> [Task description]:
Look through the data below. Show each line where the string "ultimately" occurs.

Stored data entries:
§ §

lemma beta_t_copies_le: "beta_t (m * n) (copies_E m n E) t \<le> m * beta_t n E t"
proof -
  obtain enc :: "(nat \<Rightarrow> nat) \<Rightarrow> nat" where sol: "is_solution n E (2 ^ t) enc"
    and card: "card (enc ` msgs n (2 ^ t)) \<le> 2 ^ beta_t n E t"
    using ex_solution_card_le_beta_t by blast
  define enc' where "enc' x = restrict (\<lambda>j. enc (block n j x)) {..<m}" for x
  have "is_solution (m * n) (copies_E m n E) (2 ^ t) enc'"
    unfolding is_solution_iff_not_confusable confusable_copies_iff
  proof (intro ballI impI notI)
    fix x y assume xy: "x \<in> msgs (m * n) (2 ^ t)" "y \<in> msgs (m * n) (2 ^ t)" "enc' x = enc' y"
    assume "\<exists>j<m. confusable n E (block n j x) (block n j y)"
    then obtain j where "j < m" "confusable n E (block n j x) (block n j y)" by blast
    moreover have "enc (block n j x) = enc (block n j y)"
      using fun_cong[OF xy(3), of j] \<open>j < m\<close> by (simp add: enc'_def)
    ultimately show False
      using sol xy block_in_msgs unfolding is_solution_iff_not_confusable by blast
  qed
  moreover have "card (enc' ` msgs (m * n) (2 ^ t)) \<le> 2 ^ (m * beta_t n E t)"
  proof -
    have "enc' ` msgs (m * n) (2 ^ t) \<subseteq> PiE {..<m} (\<lambda>_. enc ` msgs n (2 ^ t))"
    proof (rule image_subsetI)
      fix x assume x: "x \<in> msgs (m * n) (2 ^ t)"
      have "enc (block n j x) \<in> enc ` msgs n (2 ^ t)" if "j < m" for j
        using block_in_msgs[OF x that] by simp
      then show "enc' x \<in> PiE {..<m} (\<lambda>_. enc ` msgs n (2 ^ t))"
        by (simp add: enc'_def restrict_PiE_iff)
    qed
    then have "card (enc' ` msgs (m * n) (2 ^ t)) \<le> card (PiE {..<m} (\<lambda>_. enc ` msgs n (2 ^ t)))"
      by (rule card_mono[rotated]) (simp add: finite_PiE)
    also have "\<dots> = card (enc ` msgs n (2 ^ t)) ^ m" by (simp add: card_PiE)
    also have "\<dots> \<le> (2 ^ beta_t n E t) ^ m" using card by (rule power_mono) simp
    also have "\<dots> = 2 ^ (m * beta_t n E t)" by (simp add: power_mult[symmetric] ac_simps)
    finally show ?thesis .
  qed
  ultimately show ?thesis by (rule beta_t_le_of_solution)
qed
lemma wgt_le_1: "wgt m j x \<le> 1"
  unfolding wgt_def pos_part_def by simp

lemma wgt_measurable [measurable]: "wgt m j \<in> borel_measurable borel"
  unfolding wgt_def pos_part_def by measurable

lemma wgt_diff_abs_le: "\<bar>wgt m j x - wgt m j x'\<bar> \<le> real m * \<bar>x - x'\<bar>"
proof -
  have "\<bar>wgt m j x - wgt m j x'\<bar> \<le> \<bar>(1 - \<bar>real m * x - real j\<bar>) - (1 - \<bar>real m * x' - real j\<bar>)\<bar>"
    unfolding wgt_def by (rule pos_part_diff_abs_le)
  also have "\<dots> \<le> \<bar>real m * x - real m * x'\<bar>" by linarith
  also have "\<dots> = real m * \<bar>x - x'\<bar>" by (simp add: abs_mult right_diff_distrib[symmetric])
  finally show ?thesis .
qed

lemma wgt_eq_0:
  assumes "int j \<noteq> \<lfloor>real m * x\<rfloor>" "int j \<noteq> \<lfloor>real m * x\<rfloor> + 1"
  shows "wgt m j x = 0"
proof -
  have "\<not> \<bar>real m * x - real j\<bar> < 1" using assms by linarith
  then show ?thesis unfolding wgt_def pos_part_def by simp
qed

lemma sum_wgt_diff_abs_le:
  "(\<Sum>j\<in>{0..n}. \<bar>wgt m j x - wgt m j x'\<bar>) \<le> 4 * real m * \<bar>x - x'\<bar>"
proof -
  define S where "S = nat ` {\<lfloor>real m * x\<rfloor>, \<lfloor>real m * x\<rfloor> + 1, \<lfloor>real m * x'\<rfloor>, \<lfloor>real m * x'\<rfloor> + 1}"
  have "card ({0..n} \<inter> S) \<le> card S" by (simp add: S_def card_mono)
  also have "\<dots> \<le> 4" unfolding S_def
    by (rule order.trans[OF card_image_le]) (auto simp: card_insert_if)
  finally have "card ({0..n} \<inter> S) \<le> 4" .
  have "wgt m j x - wgt m j x' = 0" if "j \<notin> S" for j
    using that wgt_eq_0[of j m x] wgt_eq_0[of j m x'] unfolding S_def by force
  then have "(\<Sum>j\<in>{0..n}. \<bar>wgt m j x - wgt m j x'\<bar>) = (\<Sum>j\<in>{0..n} \<inter> S. \<bar>wgt m j x - wgt m j x'\<bar>)"
    by (intro sum.mono_neutral_right) auto
  also have "\<dots> \<le> (\<Sum>j\<in>{0..n} \<inter> S. real m * \<bar>x - x'\<bar>)"
    by (intro sum_mono wgt_diff_abs_le)
  also have "\<dots> \<le> 4 * (real m * \<bar>x - x'\<bar>)"
    using \<open>card ({0..n} \<inter> S) \<le> 4\<close> by (simp add: mult_right_mono)
  finally show ?thesis by simp
qed
(* Let $L$ be a standard Levi subgroup of $\mathrm{GL}_n(\mathbb{F}_q)$ and $L'=L\cap\mathrm{SL}_n(\mathbb{F}_q)$. Let $Z(L)$, $Z(L')$ be the centres of $L$ and $L'$. Then there is an isomorphism of $W(k)[L']$-modules $$\mathrm{res}_{L'}^L\mathcal Y_L\cong\bigoplus^{|Z(L):Z(L')|}\ \bigoplus_{[\mu]}\mathcal Y_{L',\mu},$$ where $[\mu]$ runs over the $T'$-orbits in $O_U(L')$ (for one representative $\mu$ of each orbit), and the outer sum denotes $|Z(L):Z(L')|$ copies.
   Context: $q$ a power of a prime $p$; $k$ algebraically closed of characteristic $\ell\neq p$; $W(k)$ its ring of Witt vectors. Standard Levi subgroups of $\mathrm{GL}_n(\mathbb{F}_q)$ are block-diagonal. $U$ denotes the group of upper unitriangular matrices in $L$ (it lies in $L'$). $T$ is the diagonal torus of $L$ and $T'=T\cap L'$; $T'$ acts on characters of $U$ by conjugation. $O_U(L')$ is the set of non-degenerate characters $\mu:U\to W(k)^\times$ (trivial on $[U,U]$, nontrivial on each simple root subgroup). For such $\mu$, $W(k)_\mu$ is $W(k)$ with $U$ acting via $\mu$; $\mathcal Y_{L',\mu}=\mathrm{ind}_U^{L'}W(k)_\mu$ and $\mathcal Y_L=\mathrm{ind}_U^LW(k)_\mu$ (the latter independent of $\mu$ up to isomorphism, the Gelfand–Graev $W(k)$-lattice of $L$). *)

theory Defs
  imports "Jordan_Normal_Form.Determinant" "HOL-Computational_Algebra.Primes"
begin

text \<open>Block index of row/column i for the composition ns of n (blocks numbered from 0).\<close>
definition blk :: "nat list \<Rightarrow> nat \<Rightarrow> nat" where
  "blk ns i = card {k. k < length ns \<and> sum_list (take (Suc k) ns) \<le> i}"

definition Levi :: "nat list \<Rightarrow> nat \<Rightarrow> 'f::field mat set" where
  "Levi ns n = {A \<in> carrier_mat n n. det A \<noteq> 0 \<and>
      (\<forall>i<n. \<forall>j<n. blk ns i \<noteq> blk ns j \<longrightarrow> A $$ (i,j) = 0)}"

definition Levi' :: "nat list \<Rightarrow> nat \<Rightarrow> 'f::field mat set" where
  "Levi' ns n = {A \<in> Levi ns n. det A = 1}"

definition Uni :: "nat list \<Rightarrow> nat \<Rightarrow> 'f::field mat set" where
  "Uni ns n = {A \<in> Levi ns n. (\<forall>i<n. A $$ (i,i) = 1) \<and> (\<forall>i<n. \<forall>j<n. j < i \<longrightarrow> A $$ (i,j) = 0)}"

definition Tor :: "nat list \<Rightarrow> nat \<Rightarrow> 'f::field mat set" where
  "Tor ns n = {A \<in> Levi ns n. \<forall>i<n. \<forall>j<n. i \<noteq> j \<longrightarrow> A $$ (i,j) = 0}"

definition Tor' :: "nat list \<Rightarrow> nat \<Rightarrow> 'f::field mat set" where
  "Tor' ns n = Tor ns n \<inter> Levi' ns n"

definition centre :: "'f::field mat set \<Rightarrow> 'f mat set" where
  "centre H = {z \<in> H. \<forall>g\<in>H. z * g = g * z}"

definition rootmat :: "nat \<Rightarrow> nat \<Rightarrow> 'f::field \<Rightarrow> 'f mat" where
  "rootmat n i a = mat n n (\<lambda>(r,c). if r = c then 1 else if r = i \<and> c = Suc i then a else 0)"

text \<open>O_U(L'): group homomorphisms U \<rightarrow> W^\<times> (these are automatically trivial on [U,U],
  as W is commutative) that are nontrivial on every simple root subgroup of L
  (simple roots (i,i+1) with i, i+1 in the same block).\<close>
definition nondeg_chars :: "nat list \<Rightarrow> nat \<Rightarrow> ('f::field mat \<Rightarrow> 'w::idom) set" where
  "nondeg_chars ns n = {\<mu>.
      (\<forall>u\<in>Uni ns n. \<mu> u dvd 1) \<and>
      (\<forall>u\<in>Uni ns n. \<forall>v\<in>Uni ns n. \<mu> (u * v) = \<mu> u * \<mu> v) \<and>
      (\<forall>i. Suc i < n \<and> blk ns i = blk ns (Suc i) \<longrightarrow> (\<exists>a. \<mu> (rootmat n i a) \<noteq> 1))}"

definition same_orbit :: "nat list \<Rightarrow> nat \<Rightarrow> ('f::field mat \<Rightarrow> 'w) \<Rightarrow> ('f mat \<Rightarrow> 'w) \<Rightarrow> bool" where
  "same_orbit ns n \<mu> \<nu> \<longleftrightarrow> (\<exists>t\<in>Tor' ns n. \<exists>t'\<in>Tor' ns n. t' * t = 1\<^sub>m n \<and>
      (\<forall>u\<in>Uni ns n. \<nu> u = \<mu> (t' * u * t)))"

definition orbit_reps :: "nat list \<Rightarrow> nat \<Rightarrow> ('f::field mat \<Rightarrow> 'w::idom) set \<Rightarrow> bool" where
  "orbit_reps ns n Reps \<longleftrightarrow> Reps \<subseteq> nondeg_chars ns n \<and>
     (\<forall>\<mu>\<in>nondeg_chars ns n. \<exists>\<nu>\<in>Reps. same_orbit ns n \<mu> \<nu>) \<and>
     (\<forall>\<nu>1\<in>Reps. \<forall>\<nu>2\<in>Reps. same_orbit ns n \<nu>1 \<nu>2 \<longrightarrow> \<nu>1 = \<nu>2)"

definition ind_mod :: "'f::field mat set \<Rightarrow> 'f mat set \<Rightarrow> ('f mat \<Rightarrow> 'w::idom) \<Rightarrow> ('f mat \<Rightarrow> 'w) set" where
  "ind_mod H U \<mu> = {f. (\<forall>h\<in>H. \<forall>u\<in>U. f (u * h) = \<mu> u * f h) \<and> (\<forall>x. x \<notin> H \<longrightarrow> f x = 0)}"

§ §

> [Solution below]:
    ultimately show False
  ultimately show ?thesis by (rule beta_t_le_of_solution)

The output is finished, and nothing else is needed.